The accessible web page navigation method extracted based on navigation object, captures after webpage from the Internet, proceeds as follows for each webpage: be first document object model tree this web analysis;Then document object model tree is carried out depth-first traversal, be that the node in document object model tree numbers in order with natural number;Representing the distance between hyperlink with the numbering absolute difference that two hyperlink are corresponding, gathering apart near hyperlink is one group;The number of hyperlink, the average of hyperlink text length and variance is calculated for each hyperlink group;With hyperlink number, hyperlink text length average is characterized with variance, formalization representation hyperlink group;Finally the hyperlink group after formalization representation is classified, be divided into navigation object and non-navigational object.Advantage of the process is that the navigation object that can automatically extract in webpage, help user quickly to navigate between webpage, improve user's degree of embodiment.

Description

A kind of accessible web page navigation method extracted based on navigation object
Technical field
The present invention relates to the technical field of accessible web page navigation method, be based particularly on the accessible of navigation object extraction Web page navigation method.
Background technology
There are about about blind person 30,000,000 people in the world, China there are about 5,000,000 blind persons, accounts for the 18% of the world total, along with mutually The continuous rising of the highly popular and the Internet importance in daily life of networking, blind person's indulging in the internet will become accessible building Major issue in if.Blind person is owing to cannot accept information by vision, so its indulging in the internet is particularly pertinent.And it is present Web site contents is more and more abundanter, and website structure is complicated, especially some Large-Scale Interconnecteds net enterprise, such as the portal such as Sina, Sohu Standing, the webpage comprised has reached millions of.In the face of the website that content page quantity is the hugest, provide a kind of nothing for blind person Obstacle web page navigation method is particularly important.
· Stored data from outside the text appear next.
(* Let $u_0\in C^1_{\mathrm{ub}}(\mathbb{R})$ satisfy $u_0(-x)=-u_0(x)$ for all $x\in\mathbb{R}$. Let $u\in C([0,\infty),C_{\mathrm{ub}}(\mathbb{R}))$ be the unique global mild solution of the modular Burgers' equation $u_t=u_{xx}+|u|_x$ with $u(0,\cdot)=u_0$. Then $u(t,-x)=-u(t,x)$ for all $t\ge0$ and $x\in\mathbb{R}$.
   Context: $C_{\mathrm{ub}}(\mathbb{R})$ is the space of bounded uniformly continuous functions with the sup-norm; $C^1_{\mathrm{ub}}(\mathbb{R})$ the space of $C^1$ functions $g$ with $g,g'\in C_{\mathrm{ub}}(\mathbb{R})$. The mild solution is the unique $u\in C([0,\infty),C_{\mathrm{ub}}(\mathbb{R}))$ satisfying $$u(t,\cdot)=e^{\partial_x^2 t}u_0+\int_0^t\partial_x e^{\partial_x^2(t-s)}|u(s,\cdot)|\,ds,$$ where $(e^{\partial_x^2 t}g)(x)=\int_{\mathbb{R}}(4\pi t)^{-1/2}e^{-(x-y)^2/(4t)}g(y)\,dy$. *)

theory Defs
  imports "HOL-Analysis.Analysis"
begin

definition Cub :: "(real \<Rightarrow> real) set" where
  "Cub = {g. bounded (range g) \<and> uniformly_continuous_on UNIV g}"

definition C1ub :: "(real \<Rightarrow> real) set" where
  "C1ub = {g. g differentiable_on UNIV \<and> g \<in> Cub \<and> deriv g \<in> Cub}"

definition heat :: "real \<Rightarrow> (real \<Rightarrow> real) \<Rightarrow> real \<Rightarrow> real" where
  "heat t g x = (if t \<le> 0 then g x else
     integral UNIV (\<lambda>y. (4 * pi * t) powr (-1/2) * exp (- ((x - y)^2) / (4 * t)) * g y))"

text \<open>u is continuous from [0,\<infinity>) into C_ub(R) (sup-norm topology).\<close>
definition cont_Cub_path :: "(real \<Rightarrow> real \<Rightarrow> real) \<Rightarrow> bool" where
  "cont_Cub_path u \<longleftrightarrow> (\<forall>t\<ge>0. u t \<in> Cub) \<and>
     (\<forall>t\<ge>0. \<forall>e>0. \<exists>d>0. \<forall>s\<ge>0. \<bar>s - t\<bar> < d \<longrightarrow> (\<forall>x. \<bar>u s x - u t x\<bar> \<le> e))"

text \<open>Mild solution of u_t = u_xx + |u|_x with initial datum u0 (Duhamel formula,
  evaluated pointwise in x).\<close>
definition mild_solution :: "(real \<Rightarrow> real) \<Rightarrow> (real \<Rightarrow> real \<Rightarrow> real) \<Rightarrow> bool" where
  "mild_solution u0 u \<longleftrightarrow> cont_Cub_path u \<and>
     (\<forall>t\<ge>0. \<forall>x. u t x = heat t u0 x +
        integral {0..t} (\<lambda>s. deriv (\<lambda>z. heat (t - s) (\<lambda>y. \<bar>u s y\<bar>) z) x))"

end

(* Reflection v t x = - u t (- x) maps mild solutions with odd initial datum to mild solutions
   with the same datum: the heat kernel is even and |v s| is the reflection of |u s|, so the
   Duhamel term transforms like u itself.  The theorem therefore follows from uniqueness of mild
   solutions.  For uniqueness, the x-derivative of the heat semigroup is a Gaussian first moment,
   d/dx e^{tau d_xx} g (x) = (2 tau)^(-1/2) * E[Z g(x + sqrt (2 tau) Z)] with Z standard normal;
   since E|Z| <= 1, the Duhamel terms of two solutions differ by at most
   int_a^t sup|u s - v s| / sqrt (2 (t - s)) ds when the solutions agree up to time a.  On a step
   of length 1/8 this is at most half the supremum of the difference, so the solutions agree up
   to time a + 1/8, and induction over the steps covers all times. *)
theory Submission
  imports Defs "HOL-Probability.Distributions"
begin

section \<open>Differentiation under the integral sign\<close>

lemma integrable_mult_bounded:
  fixes w g :: "'a \<Rightarrow> real"
  assumes w: "integrable M w" and g: "g \<in> borel_measurable M" and bound: "\<And>y. \<bar>g y\<bar> \<le> B"
  shows "integrable M (\<lambda>y. w y * g y)"
proof (rule Bochner_Integration.integrable_bound)
  show "integrable M (\<lambda>y. B * w y)" using w by simp
  show "(\<lambda>y. w y * g y) \<in> borel_measurable M" using w g by measurable
  have "\<bar>w y\<bar> * \<bar>g y\<bar> \<le> B * \<bar>w y\<bar>" for y
    using bound[of y] by (metis abs_ge_zero mult.commute mult_left_mono)
  moreover have "0 \<le> B" using bound[of undefined] by linarith
  ultimately show "AE y in M. norm (w y * g y) \<le> norm (B * w y)"
    by (intro AE_I2) (simp add: abs_mult)
qed

lemma tendsto_integral_dominated:
  fixes s :: "'i::first_countable_topology \<Rightarrow> 'a \<Rightarrow> real"
  assumes meas: "\<And>i. i \<in> S \<Longrightarrow> s i \<in> borel_measurable M" "f \<in> borel_measurable M"
    and w: "integrable M w"
    and lim: "AE y in M. ((\<lambda>i. s i y) \<longlongrightarrow> f y) (at i0 within S)"
    and bound: "eventually (\<lambda>i. AE y in M. \<bar>s i y\<bar> \<le> w y) (at i0 within S)"
  shows "((\<lambda>i. \<integral>y. s i y \<partial>M) \<longlongrightarrow> (\<integral>y. f y \<partial>M)) (at i0 within S)"
  unfolding tendsto_at_iff_sequentially
proof (intro allI impI)
  fix X :: "nat \<Rightarrow> 'i"
  assume XS: "\<forall>n. X n \<in> S - {i0}" and "X \<longlonglongrightarrow> i0"
  then have X: "filterlim X (at i0 within S) sequentially"
    by (simp add: filterlim_at)
  obtain N where N: "\<And>n. N \<le> n \<Longrightarrow> AE y in M. \<bar>s (X n) y\<bar> \<le> w y"
    using filterlim_iff[THEN iffD1, OF X, rule_format, OF bound]
    by (auto simp: eventually_sequentially)
  have "(\<lambda>n. \<integral>y. s (X (n + N)) y \<partial>M) \<longlonglongrightarrow> (\<integral>y. f y \<partial>M)"
  proof (rule integral_dominated_convergence[OF meas(2) _ w])
    show "AE y in M. (\<lambda>n. s (X (n + N)) y) \<longlonglongrightarrow> f y"
      using lim by eventually_elim (intro LIMSEQ_ignore_initial_segment filterlim_compose[OF _ X])
    show "AE y in M. norm (s (X (n + N)) y) \<le> w y" for n
      using N[of "n + N"] by simp
  qed (use meas XS in simp_all)
  then show "((\<lambda>i. \<integral>y. s i y \<partial>M) \<circ> X) \<longlonglongrightarrow> (\<integral>y. f y \<partial>M)"
    unfolding o_def by (rule LIMSEQ_offset)
qed

lemma has_real_derivative_integral_dominated:
  fixes f f' :: "real \<Rightarrow> 'a \<Rightarrow> real"
  assumes r: "r > 0"
    and int: "\<And>m. integrable M (f m)"
    and meas: "f' x \<in> borel_measurable M"
    and deriv: "\<And>m y. y \<in> space M \<Longrightarrow> ((\<lambda>m. f m y) has_real_derivative f' m y) (at m)"
    and w: "integrable M w"
    and bound: "\<And>m y. y \<in> space M \<Longrightarrow> \<bar>m - x\<bar> \<le> r \<Longrightarrow> \<bar>f' m y\<bar> \<le> w y"
  shows "((\<lambda>m. \<integral>y. f m y \<partial>M) has_real_derivative (\<integral>y. f' x y \<partial>M)) (at x)"
proof -
  have quotient: "((\<integral>y. f (x + h) y \<partial>M) - (\<integral>y. f x y \<partial>M)) / h
      = (\<integral>y. (f (x + h) y - f x y) / h \<partial>M)" for h
  proof -
    have "((\<integral>y. f (x + h) y \<partial>M) - (\<integral>y. f x y \<partial>M)) / h = (\<integral>y. f (x + h) y - f x y \<partial>M) / h"
      using int by (simp add: Bochner_Integration.integral_diff)
    then show ?thesis by simp
  qed
  have "((\<lambda>h. \<integral>y. (f (x + h) y - f x y) / h \<partial>M) \<longlongrightarrow> (\<integral>y. f' x y \<partial>M)) (at 0)"
  proof (rule tendsto_integral_dominated[OF _ meas w])
    show "(\<lambda>y. (f (x + h) y - f x y) / h) \<in> borel_measurable M" for h
      using int[of "x + h"] int[of x] by measurable
    show "AE y in M. ((\<lambda>h. (f (x + h) y - f x y) / h) \<longlongrightarrow> f' x y) (at 0)"
      using deriv by (intro AE_I2) (simp add: DERIV_def)
    have "eventually (\<lambda>h. h \<noteq> 0 \<and> \<bar>h\<bar> < r) (at (0::real))"
      using r by (auto simp: eventually_at dist_real_def intro!: exI[of _ r])
    then show "eventually (\<lambda>h. AE y in M. \<bar>(f (x + h) y - f x y) / h\<bar> \<le> w y) (at 0)"
    proof eventually_elim
      case (elim h)
      have "norm (f (x + h) y - f x y) \<le> w y * norm (x + h - x)" if y: "y \<in> space M" for y
      proof (rule field_differentiable_bound[where S = "{x - r .. x + r}" and f = "\<lambda>m. f m y"])
        show "((\<lambda>m. f m y) has_field_derivative f' m y) (at m within {x - r .. x + r})" for m
          using deriv[OF y] by (rule has_field_derivative_at_within)
        show "norm (f' m y) \<le> w y" if "m \<in> {x - r .. x + r}" for m
        proof -
          have "\<bar>m - x\<bar> \<le> r" using that by auto
          then show ?thesis using bound[OF y] by simp
        qed
      qed (use elim in auto)
      then show ?case
        using elim by (intro AE_I2) (simp add: abs_divide divide_le_eq)
    qed
  qed
  then show ?thesis
    by (simp add: DERIV_def quotient)
qed

section \<open>The heat semigroup and its derivative\<close>

lemma heat_kernel_eq_normal_density:
  assumes "\<tau> > 0"
  shows "(4 * pi * \<tau>) powr (-1/2) * exp (- ((x - y)^2) / (4 * \<tau>)) = normal_density x (sqrt (2 * \<tau>)) y"
proof -
  have "(4 * pi * \<tau>) powr (-1/2) = 1 / sqrt (2 * pi * (sqrt (2 * \<tau>))\<^sup>2)"
    using assms by (simp add: powr_minus_divide powr_half_sqrt)
  moreover have "- ((x - y)^2) / (4 * \<tau>) = - (y - x)\<^sup>2 / (2 * (sqrt (2 * \<tau>))\<^sup>2)"
    using assms by (simp add: power2_commute)
  ultimately show ?thesis
    unfolding normal_density_def by simp
qed

lemma heat_eq_normal_convolution:
  assumes "\<tau> > 0" "g \<in> borel_measurable borel" "\<And>y. \<bar>g y\<bar> \<le> B"
  shows "heat \<tau> g x = (\<integral>y. normal_density x (sqrt (2 * \<tau>)) y * g y \<partial>lborel)"
  unfolding heat_def heat_kernel_eq_normal_density[OF assms(1)]
  using assms by (auto intro!: integral_lborel integrable_mult_bounded)

lemma has_real_derivative_normal_density_mean:
  assumes "\<sigma> > 0"
  shows "((\<lambda>m. normal_density m \<sigma> y) has_real_derivative normal_density m \<sigma> y * ((y - m) / \<sigma>\<^sup>2)) (at m)"
proof -
  have "((\<lambda>m. exp (- (y - m)\<^sup>2 / (2 * \<sigma>\<^sup>2))) has_real_derivative
      exp (- (y - m)\<^sup>2 / (2 * \<sigma>\<^sup>2)) * ((y - m) / \<sigma>\<^sup>2)) (at m)"
    using assms by (auto intro!: derivative_eq_intros simp: field_simps power2_eq_square)
  from DERIV_cmult[OF this, of "1 / sqrt (2 * pi * \<sigma>\<^sup>2)"] show ?thesis
    unfolding normal_density_def by (simp add: ac_simps)
qed

lemma normal_density_shift_le:
  assumes \<sigma>: "\<sigma> > 0" and m: "\<bar>m - x\<bar> \<le> 1"
  shows "normal_density m \<sigma> y \<le> sqrt 2 * exp (1 / (2 * \<sigma>\<^sup>2)) * normal_density x (sqrt 2 * \<sigma>) y"
proof -
  have "(m - x)\<^sup>2 \<le> 1" using m abs_le_square_iff[of "m - x" 1] by simp
  moreover have "(y - x)\<^sup>2 \<le> 2 * (y - m)\<^sup>2 + 2 * (m - x)\<^sup>2"
    using zero_le_power2[of "(y - m) - (m - x)"] by (simp add: power2_eq_square algebra_simps)
  ultimately have "- (y - m)\<^sup>2 / (2 * \<sigma>\<^sup>2) \<le> 1 / (2 * \<sigma>\<^sup>2) + - (y - x)\<^sup>2 / (2 * (sqrt 2 * \<sigma>)\<^sup>2)"
    using \<sigma> by (simp add: field_simps)
  then have "exp (- (y - m)\<^sup>2 / (2 * \<sigma>\<^sup>2))
      \<le> exp (1 / (2 * \<sigma>\<^sup>2)) * exp (- (y - x)\<^sup>2 / (2 * (sqrt 2 * \<sigma>)\<^sup>2))"
    by (simp add: exp_add[symmetric])
  moreover have "sqrt (2 * pi * (sqrt 2 * \<sigma>)\<^sup>2) = sqrt 2 * sqrt (2 * pi * \<sigma>\<^sup>2)"
    by (simp add: power_mult_distrib real_sqrt_mult)
  ultimately show ?thesis
    using \<sigma> unfolding normal_density_def by (simp add: divide_right_mono)
qed

lemma has_real_derivative_normal_convolution:
  assumes \<sigma>: "\<sigma> > 0" and g: "g \<in> borel_measurable borel" and bound: "\<And>y. \<bar>g y\<bar> \<le> B"
  shows "((\<lambda>x. \<integral>y. normal_density x \<sigma> y * g y \<partial>lborel) has_real_derivative
           (\<integral>y. normal_density x \<sigma> y * ((y - x) / \<sigma>\<^sup>2) * g y \<partial>lborel)) (at x)"
proof (rule has_real_derivative_integral_dominated[where r = 1])
  define A where "A = sqrt 2 * exp (1 / (2 * \<sigma>\<^sup>2))"
  define c where "c = A * B / \<sigma>\<^sup>2"
  show "integrable lborel (\<lambda>y. normal_density m \<sigma> y * g y)" for m
    using \<sigma> g bound by (intro integrable_mult_bounded[where B = B, OF integrable_normal_density])
      simp_all
  show "(\<lambda>y. normal_density x \<sigma> y * ((y - x) / \<sigma>\<^sup>2) * g y) \<in> borel_measurable lborel"
    using g by measurable
  show "((\<lambda>m. normal_density m \<sigma> y * g y) has_real_derivative
      normal_density m \<sigma> y * ((y - m) / \<sigma>\<^sup>2) * g y) (at m)" for m y
    using \<sigma> by (intro DERIV_cmult_right has_real_derivative_normal_density_mean)
  show "integrable lborel (\<lambda>y. c * (normal_density x (sqrt 2 * \<sigma>) y * \<bar>y - x\<bar> ^ 1
      + normal_density x (sqrt 2 * \<sigma>) y))"
    using \<sigma> by (intro integrable_mult_right Bochner_Integration.integrable_add
        integrable_normal_moment_abs integrable_normal_density) auto
  fix m y
  assume m: "\<bar>m - x\<bar> \<le> 1"
  have "\<bar>y - m\<bar> \<le> \<bar>y - x\<bar> + 1" using m by linarith
  have "\<bar>normal_density m \<sigma> y * ((y - m) / \<sigma>\<^sup>2) * g y\<bar>
      = normal_density m \<sigma> y * \<bar>y - m\<bar> / \<sigma>\<^sup>2 * \<bar>g y\<bar>"
    by (simp add: abs_mult)
  also have "\<dots> \<le> (A * normal_density x (sqrt 2 * \<sigma>) y) * (\<bar>y - x\<bar> + 1) / \<sigma>\<^sup>2 * B"
    using normal_density_shift_le[OF \<sigma> m, of y] bound[of y] \<sigma> \<open>\<bar>y - m\<bar> \<le> \<bar>y - x\<bar> + 1\<close>
    unfolding A_def by (intro mult_mono divide_right_mono) auto
  also have "\<dots> = c * (normal_density x (sqrt 2 * \<sigma>) y * \<bar>y - x\<bar> ^ 1 + normal_density x (sqrt 2 * \<sigma>) y)"
    by (simp add: c_def field_simps)
  finally show "\<bar>normal_density m \<sigma> y * ((y - m) / \<sigma>\<^sup>2) * g y\<bar>
      \<le> c * (normal_density x (sqrt 2 * \<sigma>) y * \<bar>y - x\<bar> ^ 1 + normal_density x (sqrt 2 * \<sigma>) y)" .
qed simp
User browses conveniently for convenience, and the most a lot of webpages provide the navigation objects such as navigation bar and navigating lists, user With the help of these navigation objects, navigate to oneself need browsing pages.But blind person is owing to cannot accept letter by vision Breath, it is impossible to utilize navigation object to navigate to the page oneself needing to browse.Rely on aids such as reading screen software for needs For browsing the blind users of webpage, the navigation object in webpage is extracted, contribute to quickly navigating between webpage, improve Webpage browsing efficiency.
At present, in fields such as machine learning, feature is extracted and the research day of sorting algorithm on this basis Gradually ripe.In terms of webpage extraction, it is used to represent needs such as statistical information such as text average lengths the most widely and extracts Content, and the content representation extracted will be needed to become computable vector form.Basis after needing the content-form extracted On, the sorting algorithm such as the existing such as SVM of machine learning, can will need the different classification of the interior Rongcheng that extracts.
Summary of the invention
The disadvantages mentioned above of present invention prior art to be overcome, it is proposed that a kind of accessible webpage extracted based on navigation object Air navigation aid, in order to automatically extract the navigation object in webpage, helps user quickly to navigate between webpage, improves user and embodies Degree.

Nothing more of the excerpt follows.